◆ **DATA SUPPLIED**:

(* Fix $p\in[2,\infty)$, assume (H1'), let $q=p/(p-1)$, and let $\beta:[0,1]\to[0,1]$ be smooth with $\beta=0$ outside $\omega$. Let $z$ be a strong solution with data $(z_0,z_1)\in Y_p$ and, for each $t\ge0$, let $v(t,\cdot)$ be the solution of $v_{xx}=\beta\,\operatorname{sgn}(z)|z|^{p-1}$ on $(0,1)$, $v(t,0)=v(t,1)=0$. Then there is a constant $K>0$ depending only on $p$ (and on $\beta$) such that for all $t\ge0$ and all $\sigma>0$, $\int_0^1|v|^q\,dx\le K E_p(t)$ and $\int_0^1|v_t|^q\,dx\le K\Big((p-2)\sigma E_p(t)+\sigma^{-(p-2)}\int_0^1\beta|z_t|^p\,dx\Big).$
   Context: (H1'): $a:[0,1]\to\mathbb{R}$ is continuous and nonnegative, and there exist $a_0>0$ and $c\in[0,1)$ such that $a\ge a_0$ on $\omega=[c,1]$. Damped wave equation: $z_{tt}-z_{xx}+a(x)z_t=0$ on $\mathbb{R}_+\times(0,1)$, $z(t,0)=z(t,1)=0$, $z(0)=z_0$, $z_t(0)=z_1$; $Y_p=(W^{2,p}(0,1)\cap W^{1,p}_0(0,1))\times W^{1,p}_0(0,1)$. $\rho=z_x+z_t$, $\xi=z_x-z_t$, $E_p(t)=\frac1p\int_0^1(|\rho|^p+|\xi|^p)\,dx$. *)

theory Defs
  imports "HOL-Analysis.Analysis"
begin

text \<open>Functions on the space interval [0,1]. Integrals are Henstock-Kurzweil integrals over {0..1}.\<close>

definition in_Lp :: "real \<Rightarrow> (real \<Rightarrow> real) \<Rightarrow> bool" where
  "in_Lp p f \<longleftrightarrow> f measurable_on {0..1} \<and> (\<lambda>x. \<bar>f x\<bar> powr p) integrable_on {0..1}"

definition Lp_pow :: "real \<Rightarrow> (real \<Rightarrow> real) \<Rightarrow> real" where
  "Lp_pow p f = integral {0..1} (\<lambda>x. \<bar>f x\<bar> powr p)"

text \<open>f is in W^{1,p}(0,1) with (weak) derivative g: f in L^p, g in L^p and
  f is the (absolutely continuous) primitive of g.\<close>
definition has_weak_deriv_Lp :: "real \<Rightarrow> (real \<Rightarrow> real) \<Rightarrow> (real \<Rightarrow> real) \<Rightarrow> bool" where
  "has_weak_deriv_Lp p f g \<longleftrightarrow> in_Lp p f \<and> in_Lp p g \<and>
     (\<forall>x\<in>{0..1}. f x = f 0 + integral {0..x} g)"

definition in_W2p_W10p :: "real \<Rightarrow> (real \<Rightarrow> real) \<Rightarrow> (real \<Rightarrow> real) \<Rightarrow> (real \<Rightarrow> real) \<Rightarrow> bool" where
  "in_W2p_W10p p f fx fxx \<longleftrightarrow> has_weak_deriv_Lp p f fx \<and> has_weak_deriv_Lp p fx fxx \<and> f 0 = 0 \<and> f 1 = 0"

definition in_W10p :: "real \<Rightarrow> (real \<Rightarrow> real) \<Rightarrow> (real \<Rightarrow> real) \<Rightarrow> bool" where
  "in_W10p p f fx \<longleftrightarrow> has_weak_deriv_Lp p f fx \<and> f 0 = 0 \<and> f 1 = 0"

definition H1' :: "(real \<Rightarrow> real) \<Rightarrow> real \<Rightarrow> real \<Rightarrow> bool" where
  "H1' a a0 c \<longleftrightarrow> continuous_on {0..1} a \<and> (\<forall>x\<in>{0..1}. a x \<ge> 0) \<and>
     a0 > 0 \<and> 0 \<le> c \<and> c < 1 \<and> (\<forall>x\<in>{c..1}. a x \<ge> a0)"

text \<open>Strong solution of z_tt - z_xx + a z_t = 0, z(t,0)=z(t,1)=0, z(0)=z0, z_t(0)=z1,
  with data (z0,z1) in Y_p:
  z \<in> C([0,\<infinity>); W^{2,p} \<inter> W^{1,p}_0) \<inter> C^1([0,\<infinity>); W^{1,p}_0) \<inter> C^2([0,\<infinity>); L^p),
  the equation holding in L^p(0,1) for every t \<ge> 0.
  Here zx, zxx are the spatial derivatives of z, zt its time derivative, ztx the spatial
  derivative of zt and ztt the time derivative of zt (all functions of (t,x)).\<close>
definition strong_solution ::
  "real \<Rightarrow> (real \<Rightarrow> real) \<Rightarrow> (real \<Rightarrow> real) \<Rightarrow> (real \<Rightarrow> real) \<Rightarrow>
   (real \<Rightarrow> real \<Rightarrow> real) \<Rightarrow> (real \<Rightarrow> real \<Rightarrow> real) \<Rightarrow> (real \<Rightarrow> real \<Rightarrow> real) \<Rightarrow>
   (real \<Rightarrow> real \<Rightarrow> real) \<Rightarrow> (real \<Rightarrow> real \<Rightarrow> real) \<Rightarrow> (real \<Rightarrow> real \<Rightarrow> real) \<Rightarrow> bool" where
  "strong_solution p a z0 z1 z zx zxx zt ztx ztt \<longleftrightarrow>
     (\<forall>t\<ge>0. in_W2p_W10p p (z t) (zx t) (zxx t) \<and> in_W10p p (zt t) (ztx t) \<and> in_Lp p (ztt t)) \<and>
     (\<forall>t\<ge>0.
        \<comment> \<open>z is C^1 in time with values in W^{1,p}, derivative zt\<close>
        ((\<lambda>s. Lp_pow p (\<lambda>x. (z s x - z t x) / (s - t) - zt t x)) \<longlongrightarrow> 0) (at t within {0..}) \<and>
        ((\<lambda>s. Lp_pow p (\<lambda>x. (zx s x - zx t x) / (s - t) - ztx t x)) \<longlongrightarrow> 0) (at t within {0..}) \<and>
        \<comment> \<open>zt is differentiable in time with values in L^p, derivative ztt\<close>
        ((\<lambda>s. Lp_pow p (\<lambda>x. (zt s x - zt t x) / (s - t) - ztt t x)) \<longlongrightarrow> 0) (at t within {0..}) \<and>
        \<comment> \<open>continuity: z in W^{2,p}, zt in W^{1,p}, ztt in L^p\<close>
        ((\<lambda>s. Lp_pow p (\<lambda>x. zxx s x - zxx t x)) \<longlongrightarrow> 0) (at t within {0..}) \<and>
        ((\<lambda>s. Lp_pow p (\<lambda>x. zt s x - zt t x)) \<longlongrightarrow> 0) (at t within {0..}) \<and>
        ((\<lambda>s. Lp_pow p (\<lambda>x. ztx s x - ztx t x)) \<longlongrightarrow> 0) (at t within {0..}) \<and>
        ((\<lambda>s. Lp_pow p (\<lambda>x. ztt s x - ztt t x)) \<longlongrightarrow> 0) (at t within {0..}) \<and>
        \<comment> \<open>the equation, in L^p(0,1)\<close>
        Lp_pow p (\<lambda>x. ztt t x - zxx t x + a x * zt t x) = 0) \<and>
     (\<forall>x\<in>{0..1}. z 0 x = z0 x \<and> zt 0 x = z1 x)"

definition in_Yp :: "real \<Rightarrow> (real \<Rightarrow> real) \<Rightarrow> (real \<Rightarrow> real) \<Rightarrow> bool" where
  "in_Yp p z0 z1 \<longleftrightarrow> (\<exists>d1 d2 e1. in_W2p_W10p p z0 d1 d2 \<and> in_W10p p z1 e1)"

definition E_p :: "real \<Rightarrow> (real \<Rightarrow> real \<Rightarrow> real) \<Rightarrow> (real \<Rightarrow> real \<Rightarrow> real) \<Rightarrow> real \<Rightarrow> real" where
  "E_p p zx zt t = (1 / p) * integral {0..1}
     (\<lambda>x. \<bar>zx t x + zt t x\<bar> powr p + \<bar>zx t x - zt t x\<bar> powr p)"

definition smooth_on_01 :: "(real \<Rightarrow> real) \<Rightarrow> bool" where
  "smooth_on_01 f \<longleftrightarrow> (\<exists>D. D 0 = f \<and>
     (\<forall>n. \<forall>x\<in>{0..1}. (D n has_real_derivative D (Suc n) x) (at x within {0..1})))"

definition solves_dirichlet :: "(real \<Rightarrow> real) \<Rightarrow> (real \<Rightarrow> real) \<Rightarrow> bool" where
  "solves_dirichlet g w \<longleftrightarrow> continuous_on {0..1} w \<and> w 0 = 0 \<and> w 1 = 0 \<and>
     (\<exists>w'. \<forall>x\<in>{0<..<1}. (w has_real_derivative w' x) (at x) \<and>
                           (w' has_real_derivative g x) (at x))"

end

theory Submission
  imports Defs
begin

(*
  Everything rests on the bound  |w(x)| <= int_0^1 |w''|  for solutions of w'' = g with
  w(0) = w(1) = 0 (Rolle gives a zero of w', and w(0) = 0).  Since z(t,0) = 0, the energy
  controls  sup |z(t)| <= ||z_x(t)||_p <= (p E_p(t))^(1/p),  which gives the bound on v.
  Differentiating the Dirichlet problem in t, v_t solves it with right-hand side
  beta (p-1) |z|^(p-2) z_t, so  sup |v_t| <= (p-1) sup|z|^(p-2) (int beta |z_t|^p)^(1/p)  by
  Hoelder, and Young's inequality with exponents (p-1)/(p-2) and p-1 splits the q-th power of
  this into the two terms of the estimate.  That v(.,x) is differentiable in t at all comes from
  the W^(1,p) convergence of the difference quotients of z, which makes them, and hence those of
  sgn(z)|z|^(p-1), converge uniformly.
*)

section \<open>Functions in \<open>L\<^sup>p(0,1)\<close>\<close>

lemma in_Lp_iff_borel_measurable:
  "in_Lp p f \<longleftrightarrow> f \<in> borel_measurable (lebesgue_on {0..1}) \<and> (\<lambda>x. \<bar>f x\<bar> powr p) integrable_on {0..1}"
  unfolding in_Lp_def using measurable_on_iff_borel_measurable[of "{0..1::real}" f] by simp

lemma in_Lp_borel_measurable: "in_Lp p f \<Longrightarrow> f \<in> borel_measurable (lebesgue_on {0..1})"
  by (simp add: in_Lp_iff_borel_measurable)

lemma Lp_pow_nonneg: "Lp_pow p f \<ge> 0"
  unfolding Lp_pow_def
  by (cases "(\<lambda>x. \<bar>f x\<bar> powr p) integrable_on {0..1::real}")
     (auto intro: integral_nonneg simp: not_integrable_integral)

lemma abs_le_one_plus_powr:
  fixes x :: real assumes "p \<ge> 1" shows "\<bar>x\<bar> \<le> 1 + \<bar>x\<bar> powr p"
proof (cases "\<bar>x\<bar> \<le> 1")
  case False
  then have "\<bar>x\<bar> powr 1 \<le> \<bar>x\<bar> powr p" using assms by (intro powr_mono) auto
  then show ?thesis using False by simp
qed (use powr_ge_zero[of "\<bar>x\<bar>" p] in linarith)

lemma in_Lp_integrable:
  assumes "in_Lp p f" "p \<ge> 1"
  shows "f integrable_on {0..1}" "(\<lambda>x. \<bar>f x\<bar>) integrable_on {0..1}"
proof -
  have f: "f \<in> borel_measurable (lebesgue_on {0..1})" using in_Lp_borel_measurable assms(1) .
  have bound: "(\<lambda>x. 1 + \<bar>f x\<bar> powr p) integrable_on {0..1::real}"
    using assms unfolding in_Lp_def by (intro integrable_add) auto
  show "f integrable_on {0..1}" "(\<lambda>x. \<bar>f x\<bar>) integrable_on {0..1}"
    by (rule measurable_bounded_by_integrable_imp_integrable_real[OF _ bound];
        use f abs_le_one_plus_powr assms(2) in auto)+
qed

lemma powr_abs_add_le:
  fixes a b p :: real assumes "p \<ge> 0"
  shows "\<bar>a + b\<bar> powr p \<le> 2 powr p * (\<bar>a\<bar> powr p + \<bar>b\<bar> powr p)"
proof -
  define m where "m = max \<bar>a\<bar> \<bar>b\<bar>"
  have "\<bar>a + b\<bar> powr p \<le> (2 * m) powr p" using assms by (intro powr_mono2) (auto simp: m_def)
  also have "\<dots> = 2 powr p * m powr p" by (simp add: m_def powr_mult)
  also have "m powr p \<le> \<bar>a\<bar> powr p + \<bar>b\<bar> powr p" by (simp add: m_def max_def)
  finally show ?thesis by simp
qed

lemma in_Lp_add:
  assumes f: "in_Lp p f" and g: "in_Lp p g" and p: "p \<ge> 0"
  shows "in_Lp p (\<lambda>x. f x + g x)"
  unfolding in_Lp_iff_borel_measurable
proof
  show fg: "(\<lambda>x. f x + g x) \<in> borel_measurable (lebesgue_on {0..1})"
    using f g by (intro borel_measurable_add in_Lp_borel_measurable)
  have "(\<lambda>x. 2 powr p * (\<bar>f x\<bar> powr p + \<bar>g x\<bar> powr p)) integrable_on {0..1}"
    using f g integrable_cmul[of "\<lambda>x. \<bar>f x\<bar> powr p + \<bar>g x\<bar> powr p" "{0..1}" "2 powr p"]
    unfolding in_Lp_def by (simp add: integrable_add)
  then show "(\<lambda>x. \<bar>f x + g x\<bar> powr p) integrable_on {0..1}"
    by (rule measurable_bounded_by_integrable_imp_integrable_real[rotated])
       (use fg p powr_abs_add_le in \<open>auto intro: measurable_abs_powr\<close>)
qed

lemma in_Lp_cmult:
  assumes "in_Lp p f" shows "in_Lp p (\<lambda>x. c * f x)"
proof -
  have "(\<lambda>x. \<bar>c\<bar> powr p * \<bar>f x\<bar> powr p) integrable_on {0..1}"
    using assms integrable_cmul[of "\<lambda>x. \<bar>f x\<bar> powr p" "{0..1}" "\<bar>c\<bar> powr p"]
    unfolding in_Lp_def by simp
  then show ?thesis using borel_measurable_times[OF borel_measurable_const in_Lp_borel_measurable[OF assms]]
    by (simp add: in_Lp_iff_borel_measurable abs_mult powr_mult)
qed

lemma in_Lp_diff:
  assumes "in_Lp p f" "in_Lp p g" "p \<ge> 0" shows "in_Lp p (\<lambda>x. f x - g x)"
  using in_Lp_add[OF assms(1) in_Lp_cmult[OF assms(2), of "-1"] assms(3)] by simp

◆ **INSTRUCTIONS FOR THE TASK**: Transcribe the lines above between the line holding "by (rule measurable_bounded_by_integrable_imp_integrable_real[OF" and the line holding "x + g x\<bar>", inclusive, exactly as they stand and with nothing added.

◆ **TASK RESULT**:
    by (rule measurable_bounded_by_integrable_imp_integrable_real[OF _ bound];
        use f abs_le_one_plus_powr assms(2) in auto)+
qed

lemma powr_abs_add_le:
  fixes a b p :: real assumes "p \<ge> 0"
  shows "\<bar>a + b\<bar> powr p \<le> 2 powr p * (\<bar>a\<bar> powr p + \<bar>b\<bar> powr p)"
proof -
  define m where "m = max \<bar>a\<bar> \<bar>b\<bar>"
  have "\<bar>a + b\<bar> powr p \<le> (2 * m) powr p" using assms by (intro powr_mono2) (auto simp: m_def)
  also have "\<dots> = 2 powr p * m powr p" by (simp add: m_def powr_mult)
  also have "m powr p \<le> \<bar>a\<bar> powr p + \<bar>b\<bar> powr p" by (simp add: m_def max_def)
  finally show ?thesis by simp
qed

lemma in_Lp_add:
  assumes f: "in_Lp p f" and g: "in_Lp p g" and p: "p \<ge> 0"
  shows "in_Lp p (\<lambda>x. f x + g x)"
  unfolding in_Lp_iff_borel_measurable
proof
  show fg: "(\<lambda>x. f x + g x) \<in> borel_measurable (lebesgue_on {0..1})"
    using f g by (intro borel_measurable_add in_Lp_borel_measurable)
  have "(\<lambda>x. 2 powr p * (\<bar>f x\<bar> powr p + \<bar>g x\<bar> powr p)) integrable_on {0..1}"
    using f g integrable_cmul[of "\<lambda>x. \<bar>f x\<bar> powr p + \<bar>g x\<bar> powr p" "{0..1}" "2 powr p"]
    unfolding in_Lp_def by (simp add: integrable_add)
  then show "(\<lambda>x. \<bar>f x + g x\<bar> powr p) integrable_on {0..1}"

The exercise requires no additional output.